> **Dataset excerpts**
• • • •

lemma integral_complex_eq_zero_by_lines:
  fixes D :: "complex \<Rightarrow> complex"
  assumes [measurable]: "D \<in> borel_measurable borel" and "integrable lborel D"
    and w: "w \<in> {1, \<i>}"
    and lines: "\<And>z. integrable lborel (\<lambda>t. D (z + of_real t * w))
                 \<Longrightarrow> (\<integral>t. D (z + of_real t * w) \<partial>lborel) = 0"
  shows "integral\<^sup>L lborel D = 0"
proof -
  define D2 where "D2 = (\<lambda>x y. D (Complex x y))"
  have "integrable (distr (lborel \<Otimes>\<^sub>M lborel) borel (\<lambda>(x, y). Complex x y)) D"
    using assms(2) by (simp add: distr_Complex_lborel)
  then have int2: "integrable (lborel \<Otimes>\<^sub>M lborel) (case_prod D2)"
    by (subst (asm) integrable_distr_eq) (auto simp: D2_def case_prod_beta')
  have "integral\<^sup>L lborel D = integral\<^sup>L (distr (lborel \<Otimes>\<^sub>M lborel) borel (\<lambda>(x, y). Complex x y)) D"
    by (simp add: distr_Complex_lborel)
  also have "\<dots> = integral\<^sup>L (lborel \<Otimes>\<^sub>M lborel) (case_prod D2)"
    by (subst integral_distr) (auto simp: D2_def case_prod_beta')
  finally have eq: "integral\<^sup>L lborel D = integral\<^sup>L (lborel \<Otimes>\<^sub>M lborel) (case_prod D2)" .
  show ?thesis
  proof (cases "w = 1")
    case True
    have "Complex x y = \<i> * of_real y + of_real x * w" for x y
      using True by (simp add: complex_eq_iff)
    then have line: "D2 x y = D (\<i> * of_real y + of_real x * w)" for x y
      by (simp add: D2_def)
    have "AE y in lborel. (\<integral>x. D2 x y \<partial>lborel) = 0"
      using lborel_pair.AE_integrable_snd[OF int2] by eventually_elim (simp add: line lines)
    then show ?thesis
      unfolding eq lborel_pair.integral_snd[OF int2, symmetric] by (simp add: integral_eq_zero_AE)
  next
    case False
    with w have "w = \<i>" by simp
    then have "Complex x y = of_real x + of_real y * w" for x y
      by (simp add: complex_eq_iff)
    then have line: "D2 x y = D (of_real x + of_real y * w)" for x y
      by (simp add: D2_def)
    have "AE x in lborel. (\<integral>y. D2 x y \<partial>lborel) = 0"
      using lborel_pair.AE_integrable_fst[OF int2] by eventually_elim (simp add: line lines)
    then show ?thesis
      unfolding eq lborel_pair.integral_fst[OF int2, symmetric] by (simp add: integral_eq_zero_AE)
  qed
qed

lemma has_bochner_integral_gaussian:
  assumes "0 < c"
  shows "has_bochner_integral lborel (\<lambda>t::real. exp (- c * t\<^sup>2)) (sqrt (pi / c))"
proof -
  define \<sigma> where "\<sigma> = 1 / sqrt (2 * c)"
  have \<sigma>: "0 < \<sigma>" "\<sigma>\<^sup>2 = 1 / (2 * c)"
    using assms by (simp_all add: \<sigma>_def power_divide)
  have density: "exp (- c * t\<^sup>2) = sqrt (pi / c) * normal_density 0 \<sigma> t" for t
    using assms by (simp add: normal_density_def \<sigma>)
  have "has_bochner_integral lborel (normal_density 0 \<sigma>) 1"
    using \<sigma> by (simp add: has_bochner_integral_iff)
  from has_bochner_integral_mult_right[OF this, of "sqrt (pi / c)"] show ?thesis
    unfolding density by simp
qed

lemma has_bochner_integral_gaussian_complex:
  assumes "0 < c"
  shows "has_bochner_integral lborel (\<lambda>z::complex. exp (- c * (cmod z)\<^sup>2)) (pi / c)"
proof (rule has_bochner_integral_nn_integral)
  have real_line: "(\<integral>\<^sup>+t. ennreal (exp (- c * t\<^sup>2)) \<partial>lborel) = ennreal (sqrt (pi / c))"
    using has_bochner_integral_gaussian[OF assms]
    by (simp add: has_bochner_integral_iff nn_integral_eq_integral)
  have product: "(\<lambda>z. ennreal (exp (- c * (cmod z)\<^sup>2)))
      = (\<lambda>z::complex. \<Prod>b\<in>Basis. ennreal (exp (- c * (z \<bullet> b)\<^sup>2)))"
  proof
    fix z :: complex
    have "exp (- c * (cmod z)\<^sup>2) = exp (- c * (Re z)\<^sup>2) * exp (- c * (Im z)\<^sup>2)"
      by (simp add: cmod_power2 ring_distribs flip: exp_add)
    then show "ennreal (exp (- c * (cmod z)\<^sup>2)) = (\<Prod>b\<in>Basis. ennreal (exp (- c * (z \<bullet> b)\<^sup>2)))"
      by (simp add: Basis_complex_def ennreal_mult)
  qed
  have "(\<integral>\<^sup>+z. ennreal (exp (- c * (cmod z)\<^sup>2)) \<partial>(lborel::complex measure))
      = (\<Prod>b\<in>(Basis::complex set). \<integral>\<^sup>+t. ennreal (exp (- c * t\<^sup>2)) \<partial>lborel)"
    unfolding product by (rule nn_integral_lborel_prod) auto
  also have "\<dots> = ennreal (sqrt (pi / c)) * ennreal (sqrt (pi / c))"
    unfolding real_line by (simp add: Basis_complex_def)
  also have "\<dots> = ennreal (pi / c)"
    using assms by (simp flip: ennreal_mult)
  finally show "(\<integral>\<^sup>+z. ennreal (exp (- c * (cmod z)\<^sup>2)) \<partial>(lborel::complex measure)) = ennreal (pi / c)" .
qed (use assms in auto)

lemma integral_deriv_vanishing_at_infinity:
  fixes F f :: "real \<Rightarrow> 'a::euclidean_space"
  assumes "\<And>x. (F has_vector_derivative f x) (at x)" and "\<And>x. isCont f x"
    and "integrable lborel f"
    and "(F \<longlongrightarrow> 0) at_top" and "(F \<longlongrightarrow> 0) at_bot"
  shows "integral\<^sup>L lborel f = 0"
proof -
  have "(LBINT x=-\<infinity>..\<infinity>. f x) = 0 - 0"
    by (rule interval_integral_FTC_integrable)
       (use assms in \<open>auto simp: set_integrable_def ereal_tendsto_simps\<close>)
  then show ?thesis
    by (simp add: interval_lebesgue_integral_def set_lebesgue_integral_def)
qed

definition gaussian_monomial :: "real \<Rightarrow> nat \<Rightarrow> nat \<Rightarrow> complex \<Rightarrow> complex" where
  "gaussian_monomial c a b z = of_real (exp (- c * (cmod z)\<^sup>2)) * z ^ a * cnj z ^ b"

lemma measurable_cnj [measurable]: "cnj \<in> borel_measurable borel"
  by (intro borel_measurable_continuous_onI continuous_intros)

lemma measurable_gaussian_monomial [measurable]: "gaussian_monomial c a b \<in> borel_measurable borel"
  unfolding gaussian_monomial_def by measurable

lemma gaussian_monomial_mult:
  "gaussian_monomial c a b z * gaussian_monomial d m n z = gaussian_monomial (c + d) (a + m) (b + n) z"
proof -
  have "exp (- c * (cmod z)\<^sup>2) * exp (- d * (cmod z)\<^sup>2) = exp (- (c + d) * (cmod z)\<^sup>2)"
    by (simp add: ring_distribs flip: exp_add)
  then show ?thesis
    by (simp add: gaussian_monomial_def power_add mult_ac flip: of_real_mult)
qed

lemma power_le_exp_mult:
  assumes "0 \<le> s"
  shows "s ^ n \<le> real n ^ n * exp s"
proof (cases "n = 0")
  case False
  have "s / n \<le> exp (s / n)"
    using exp_ge_add_one_self[of "s / n"] by linarith
  then have "(s / n) ^ n \<le> exp (s / n) ^ n"
    using assms by (intro power_mono) auto
  also have "\<dots> = exp s"
    using False by (simp flip: exp_of_nat_mult)
  finally show ?thesis
    using False by (simp add: field_simps)
qed (use assms in simp)

lemma power_mult_gaussian_le:
  assumes "0 < c" and "0 \<le> t"
  shows "t ^ n * exp (- c * t\<^sup>2) \<le> (1 + (2 / c) ^ n * real n ^ n) * exp (- (c / 2) * t\<^sup>2)"
proof -
  have "t ^ n \<le> 1 + (t\<^sup>2) ^ n"
  proof (cases "t \<le> 1")
    case True
    then show ?thesis
      using \<open>0 \<le> t\<close> power_le_one[of t n] by (simp add: add_increasing2)
  next
    case False
    then have "t ^ n \<le> t ^ (2 * n)"
      by (intro power_increasing) auto
    then show ?thesis
      by (simp add: power_mult)
  qed
  also have "(t\<^sup>2) ^ n = (2 / c) ^ n * ((c / 2) * t\<^sup>2) ^ n"
    using assms by (simp flip: power_mult_distrib)
  also have "\<dots> \<le> (2 / c) ^ n * (real n ^ n * exp ((c / 2) * t\<^sup>2))"
    using assms by (intro mult_left_mono power_le_exp_mult) auto
  also have "1 + \<dots> \<le> (1 + (2 / c) ^ n * real n ^ n) * exp ((c / 2) * t\<^sup>2)"
    using assms by (simp add: algebra_simps)
  finally have "t ^ n * exp (- c * t\<^sup>2)
      \<le> (1 + (2 / c) ^ n * real n ^ n) * exp ((c / 2) * t\<^sup>2) * exp (- c * t\<^sup>2)"
    by (intro mult_right_mono) auto
  also have "\<dots> = (1 + (2 / c) ^ n * real n ^ n) * exp (- (c / 2) * t\<^sup>2)"
    by (simp add: algebra_simps flip: exp_add)
  finally show ?thesis .
qed

lemma gaussian_monomial_bound:
  assumes "0 < c"
  obtains K where "\<And>z. norm (gaussian_monomial c a b z) \<le> K * exp (- (c / 2) * (cmod z)\<^sup>2)"
proof
  fix z
  have "norm (gaussian_monomial c a b z) = cmod z ^ (a + b) * exp (- c * (cmod z)\<^sup>2)"
    by (simp add: gaussian_monomial_def norm_mult norm_power power_add)
  also have "\<dots> \<le> (1 + (2 / c) ^ (a + b) * real (a + b) ^ (a + b)) * exp (- (c / 2) * (cmod z)\<^sup>2)"
    using assms by (rule power_mult_gaussian_le) simp
  finally show "norm (gaussian_monomial c a b z)
      \<le> (1 + (2 / c) ^ (a + b) * real (a + b) ^ (a + b)) * exp (- (c / 2) * (cmod z)\<^sup>2)" .
qed

lemma integrable_gaussian_monomial:
  assumes "0 < c"
  shows "integrable lborel (gaussian_monomial c a b)"
proof -
  obtain K where K: "\<And>z. norm (gaussian_monomial c a b z) \<le> K * exp (- (c / 2) * (cmod z)\<^sup>2)"
    using gaussian_monomial_bound[OF assms, where a = a and b = b] by blast
  have "integrable lborel (\<lambda>z::complex. K * exp (- (c / 2) * (cmod z)\<^sup>2))"
    using has_bochner_integral_gaussian_complex[of "c / 2"] assms
    by (simp add: has_bochner_integral_iff)
  then show ?thesis
  proof (rule Bochner_Integration.integrable_bound)
    show "AE z in lborel. norm (gaussian_monomial c a b z) \<le> norm (K * exp (- (c / 2) * (cmod z)\<^sup>2))"
    proof (rule AE_I2)
      fix z
      have "K * exp (- (c / 2) * (cmod z)\<^sup>2) \<le> norm (K * exp (- (c / 2) * (cmod z)\<^sup>2))"
        by simp
      then show "norm (gaussian_monomial c a b z) \<le> norm (K * exp (- (c / 2) * (cmod z)\<^sup>2))"
        using K[of z] by linarith
    qed
  qed simp
qed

• • • •

> **REQUIREMENT**
Going from the line that has "b z) = cmod" through the last line of the entries, retype each line exactly as given and add nothing.

> **RESULT OF THIS EXERCISE**
  have "norm (gaussian_monomial c a b z) = cmod z ^ (a + b) * exp (- c * (cmod z)\<^sup>2)"
    by (simp add: gaussian_monomial_def norm_mult norm_power power_add)
  also have "\<dots> \<le> (1 + (2 / c) ^ (a + b) * real (a + b) ^ (a + b)) * exp (- (c / 2) * (cmod z)\<^sup>2)"
    using assms by (rule power_mult_gaussian_le) simp
  finally show "norm (gaussian_monomial c a b z)
      \<le> (1 + (2 / c) ^ (a + b) * real (a + b) ^ (a + b)) * exp (- (c / 2) * (cmod z)\<^sup>2)" .
qed

lemma integrable_gaussian_monomial:
  assumes "0 < c"
  shows "integrable lborel (gaussian_monomial c a b)"
proof -
  obtain K where K: "\<And>z. norm (gaussian_monomial c a b z) \<le> K * exp (- (c / 2) * (cmod z)\<^sup>2)"
    using gaussian_monomial_bound[OF assms, where a = a and b = b] by blast
  have "integrable lborel (\<lambda>z::complex. K * exp (- (c / 2) * (cmod z)\<^sup>2))"
    using has_bochner_integral_gaussian_complex[of "c / 2"] assms
    by (simp add: has_bochner_integral_iff)
  then show ?thesis
  proof (rule Bochner_Integration.integrable_bound)
    show "AE z in lborel. norm (gaussian_monomial c a b z) \<le> norm (K * exp (- (c / 2) * (cmod z)\<^sup>2))"
    proof (rule AE_I2)
      fix z
      have "K * exp (- (c / 2) * (cmod z)\<^sup>2) \<le> norm (K * exp (- (c / 2) * (cmod z)\<^sup>2))"
        by simp
      then show "norm (gaussian_monomial c a b z) \<le> norm (K * exp (- (c / 2) * (cmod z)\<^sup>2))"
        using K[of z] by linarith
    qed
  qed simp
qed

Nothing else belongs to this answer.